### WHAT TO WORK ON
Please reproduce all of the lines below, word for word and in full.
*** AVAILABLE DATA ***
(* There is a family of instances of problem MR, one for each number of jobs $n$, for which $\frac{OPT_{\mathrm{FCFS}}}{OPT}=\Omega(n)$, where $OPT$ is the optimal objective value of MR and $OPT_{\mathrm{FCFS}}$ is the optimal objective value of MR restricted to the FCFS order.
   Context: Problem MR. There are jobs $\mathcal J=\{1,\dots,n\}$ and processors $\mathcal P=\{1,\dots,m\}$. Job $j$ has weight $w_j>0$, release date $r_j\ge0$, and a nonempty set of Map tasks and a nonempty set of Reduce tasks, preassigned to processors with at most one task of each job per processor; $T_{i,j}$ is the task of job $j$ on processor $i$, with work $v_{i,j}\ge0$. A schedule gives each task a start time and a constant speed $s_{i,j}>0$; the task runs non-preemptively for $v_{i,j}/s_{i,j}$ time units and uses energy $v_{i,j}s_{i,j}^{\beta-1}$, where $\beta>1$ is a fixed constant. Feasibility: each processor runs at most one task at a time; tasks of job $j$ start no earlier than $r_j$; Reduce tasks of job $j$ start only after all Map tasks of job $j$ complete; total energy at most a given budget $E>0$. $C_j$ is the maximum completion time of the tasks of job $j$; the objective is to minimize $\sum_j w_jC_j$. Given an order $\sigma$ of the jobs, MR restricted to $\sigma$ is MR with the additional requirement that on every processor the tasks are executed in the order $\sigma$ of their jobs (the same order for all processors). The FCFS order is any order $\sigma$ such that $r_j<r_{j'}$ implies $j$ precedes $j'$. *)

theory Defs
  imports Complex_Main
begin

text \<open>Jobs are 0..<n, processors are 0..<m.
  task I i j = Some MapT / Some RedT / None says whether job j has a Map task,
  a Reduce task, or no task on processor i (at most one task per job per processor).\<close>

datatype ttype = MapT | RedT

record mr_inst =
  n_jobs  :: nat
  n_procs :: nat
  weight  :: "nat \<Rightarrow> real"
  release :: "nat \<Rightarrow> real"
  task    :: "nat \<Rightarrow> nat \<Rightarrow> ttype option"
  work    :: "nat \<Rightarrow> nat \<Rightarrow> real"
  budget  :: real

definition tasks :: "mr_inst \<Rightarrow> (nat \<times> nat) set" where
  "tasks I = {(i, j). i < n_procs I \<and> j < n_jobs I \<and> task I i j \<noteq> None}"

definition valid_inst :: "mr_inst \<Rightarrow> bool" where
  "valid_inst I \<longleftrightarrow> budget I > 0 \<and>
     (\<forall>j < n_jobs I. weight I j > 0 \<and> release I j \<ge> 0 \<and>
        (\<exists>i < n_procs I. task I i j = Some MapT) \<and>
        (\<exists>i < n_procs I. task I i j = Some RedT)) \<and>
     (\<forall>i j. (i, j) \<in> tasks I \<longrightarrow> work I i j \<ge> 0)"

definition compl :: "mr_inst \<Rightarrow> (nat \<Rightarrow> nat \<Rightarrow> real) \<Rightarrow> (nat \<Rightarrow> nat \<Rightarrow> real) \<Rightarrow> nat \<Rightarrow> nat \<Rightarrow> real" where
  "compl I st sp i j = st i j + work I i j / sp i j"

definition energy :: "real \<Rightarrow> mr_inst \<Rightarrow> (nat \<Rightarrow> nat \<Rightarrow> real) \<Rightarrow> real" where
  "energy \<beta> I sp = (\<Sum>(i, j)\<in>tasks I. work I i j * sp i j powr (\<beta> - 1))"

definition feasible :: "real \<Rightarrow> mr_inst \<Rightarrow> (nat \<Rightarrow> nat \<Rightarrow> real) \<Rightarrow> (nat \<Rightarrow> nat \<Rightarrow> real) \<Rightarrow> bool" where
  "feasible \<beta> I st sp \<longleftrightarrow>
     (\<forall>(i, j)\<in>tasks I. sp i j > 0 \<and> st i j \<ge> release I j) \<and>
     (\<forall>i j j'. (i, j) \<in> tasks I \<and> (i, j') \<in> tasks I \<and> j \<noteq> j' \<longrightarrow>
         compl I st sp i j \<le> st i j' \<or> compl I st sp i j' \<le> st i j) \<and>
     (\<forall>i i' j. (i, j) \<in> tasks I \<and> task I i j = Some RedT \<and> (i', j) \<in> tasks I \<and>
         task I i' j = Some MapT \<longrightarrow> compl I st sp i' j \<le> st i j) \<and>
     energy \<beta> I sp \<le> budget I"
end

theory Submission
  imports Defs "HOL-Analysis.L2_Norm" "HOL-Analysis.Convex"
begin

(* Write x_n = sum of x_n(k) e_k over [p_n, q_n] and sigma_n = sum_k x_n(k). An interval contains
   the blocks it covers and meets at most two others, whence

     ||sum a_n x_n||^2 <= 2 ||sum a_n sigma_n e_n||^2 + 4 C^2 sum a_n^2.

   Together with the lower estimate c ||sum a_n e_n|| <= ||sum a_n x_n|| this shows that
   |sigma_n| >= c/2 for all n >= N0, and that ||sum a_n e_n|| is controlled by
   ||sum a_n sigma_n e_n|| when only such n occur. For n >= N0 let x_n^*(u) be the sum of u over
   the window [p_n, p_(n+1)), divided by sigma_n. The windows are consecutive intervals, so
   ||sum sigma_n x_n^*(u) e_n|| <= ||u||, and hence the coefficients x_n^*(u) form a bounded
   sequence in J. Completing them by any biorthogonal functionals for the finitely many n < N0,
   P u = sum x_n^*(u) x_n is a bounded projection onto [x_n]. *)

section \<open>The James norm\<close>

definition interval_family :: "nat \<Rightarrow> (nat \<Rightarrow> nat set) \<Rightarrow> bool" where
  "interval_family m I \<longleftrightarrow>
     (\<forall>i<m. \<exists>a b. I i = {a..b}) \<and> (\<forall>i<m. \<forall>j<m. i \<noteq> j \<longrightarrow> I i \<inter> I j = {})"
*** End of AVAILABLE DATA ***
### EXERCISE SOLUTION
(* There is a family of instances of problem MR, one for each number of jobs $n$, for which $\frac{OPT_{\mathrm{FCFS}}}{OPT}=\Omega(n)$, where $OPT$ is the optimal objective value of MR and $OPT_{\mathrm{FCFS}}$ is the optimal objective value of MR restricted to the FCFS order.
   Context: Problem MR. There are jobs $\mathcal J=\{1,\dots,n\}$ and processors $\mathcal P=\{1,\dots,m\}$. Job $j$ has weight $w_j>0$, release date $r_j\ge0$, and a nonempty set of Map tasks and a nonempty set of Reduce tasks, preassigned to processors with at most one task of each job per processor; $T_{i,j}$ is the task of job $j$ on processor $i$, with work $v_{i,j}\ge0$. A schedule gives each task a start time and a constant speed $s_{i,j}>0$; the task runs non-preemptively for $v_{i,j}/s_{i,j}$ time units and uses energy $v_{i,j}s_{i,j}^{\beta-1}$, where $\beta>1$ is a fixed constant. Feasibility: each processor runs at most one task at a time; tasks of job $j$ start no earlier than $r_j$; Reduce tasks of job $j$ start only after all Map tasks of job $j$ complete; total energy at most a given budget $E>0$. $C_j$ is the maximum completion time of the tasks of job $j$; the objective is to minimize $\sum_j w_jC_j$. Given an order $\sigma$ of the jobs, MR restricted to $\sigma$ is MR with the additional requirement that on every processor the tasks are executed in the order $\sigma$ of their jobs (the same order for all processors). The FCFS order is any order $\sigma$ such that $r_j<r_{j'}$ implies $j$ precedes $j'$. *)

theory Defs
  imports Complex_Main
begin

text \<open>Jobs are 0..<n, processors are 0..<m.
  task I i j = Some MapT / Some RedT / None says whether job j has a Map task,
  a Reduce task, or no task on processor i (at most one task per job per processor).\<close>

datatype ttype = MapT | RedT

record mr_inst =
  n_jobs  :: nat
  n_procs :: nat
  weight  :: "nat \<Rightarrow> real"
  release :: "nat \<Rightarrow> real"
  task    :: "nat \<Rightarrow> nat \<Rightarrow> ttype option"
  work    :: "nat \<Rightarrow> nat \<Rightarrow> real"
  budget  :: real

definition tasks :: "mr_inst \<Rightarrow> (nat \<times> nat) set" where
  "tasks I = {(i, j). i < n_procs I \<and> j < n_jobs I \<and> task I i j \<noteq> None}"

definition valid_inst :: "mr_inst \<Rightarrow> bool" where
  "valid_inst I \<longleftrightarrow> budget I > 0 \<and>
     (\<forall>j < n_jobs I. weight I j > 0 \<and> release I j \<ge> 0 \<and>
        (\<exists>i < n_procs I. task I i j = Some MapT) \<and>
        (\<exists>i < n_procs I. task I i j = Some RedT)) \<and>
     (\<forall>i j. (i, j) \<in> tasks I \<longrightarrow> work I i j \<ge> 0)"

definition compl :: "mr_inst \<Rightarrow> (nat \<Rightarrow> nat \<Rightarrow> real) \<Rightarrow> (nat \<Rightarrow> nat \<Rightarrow> real) \<Rightarrow> nat \<Rightarrow> nat \<Rightarrow> real" where
  "compl I st sp i j = st i j + work I i j / sp i j"

definition energy :: "real \<Rightarrow> mr_inst \<Rightarrow> (nat \<Rightarrow> nat \<Rightarrow> real) \<Rightarrow> real" where
  "energy \<beta> I sp = (\<Sum>(i, j)\<in>tasks I. work I i j * sp i j powr (\<beta> - 1))"

definition feasible :: "real \<Rightarrow> mr_inst \<Rightarrow> (nat \<Rightarrow> nat \<Rightarrow> real) \<Rightarrow> (nat \<Rightarrow> nat \<Rightarrow> real) \<Rightarrow> bool" where
  "feasible \<beta> I st sp \<longleftrightarrow>
     (\<forall>(i, j)\<in>tasks I. sp i j > 0 \<and> st i j \<ge> release I j) \<and>
     (\<forall>i j j'. (i, j) \<in> tasks I \<and> (i, j') \<in> tasks I \<and> j \<noteq> j' \<longrightarrow>
         compl I st sp i j \<le> st i j' \<or> compl I st sp i j' \<le> st i j) \<and>
     (\<forall>i i' j. (i, j) \<in> tasks I \<and> task I i j = Some RedT \<and> (i', j) \<in> tasks I \<and>
         task I i' j = Some MapT \<longrightarrow> compl I st sp i' j \<le> st i j) \<and>
     energy \<beta> I sp \<le> budget I"
end

theory Submission
  imports Defs "HOL-Analysis.L2_Norm" "HOL-Analysis.Convex"
begin

(* Write x_n = sum of x_n(k) e_k over [p_n, q_n] and sigma_n = sum_k x_n(k). An interval contains
   the blocks it covers and meets at most two others, whence

     ||sum a_n x_n||^2 <= 2 ||sum a_n sigma_n e_n||^2 + 4 C^2 sum a_n^2.

   Together with the lower estimate c ||sum a_n e_n|| <= ||sum a_n x_n|| this shows that
   |sigma_n| >= c/2 for all n >= N0, and that ||sum a_n e_n|| is controlled by
   ||sum a_n sigma_n e_n|| when only such n occur. For n >= N0 let x_n^*(u) be the sum of u over
   the window [p_n, p_(n+1)), divided by sigma_n. The windows are consecutive intervals, so
   ||sum sigma_n x_n^*(u) e_n|| <= ||u||, and hence the coefficients x_n^*(u) form a bounded
   sequence in J. Completing them by any biorthogonal functionals for the finitely many n < N0,
   P u = sum x_n^*(u) x_n is a bounded projection onto [x_n]. *)

section \<open>The James norm\<close>

definition interval_family :: "nat \<Rightarrow> (nat \<Rightarrow> nat set) \<Rightarrow> bool" where
  "interval_family m I \<longleftrightarrow>
     (\<forall>i<m. \<exists>a b. I i = {a..b}) \<and> (\<forall>i<m. \<forall>j<m. i \<noteq> j \<longrightarrow> I i \<inter> I j = {})"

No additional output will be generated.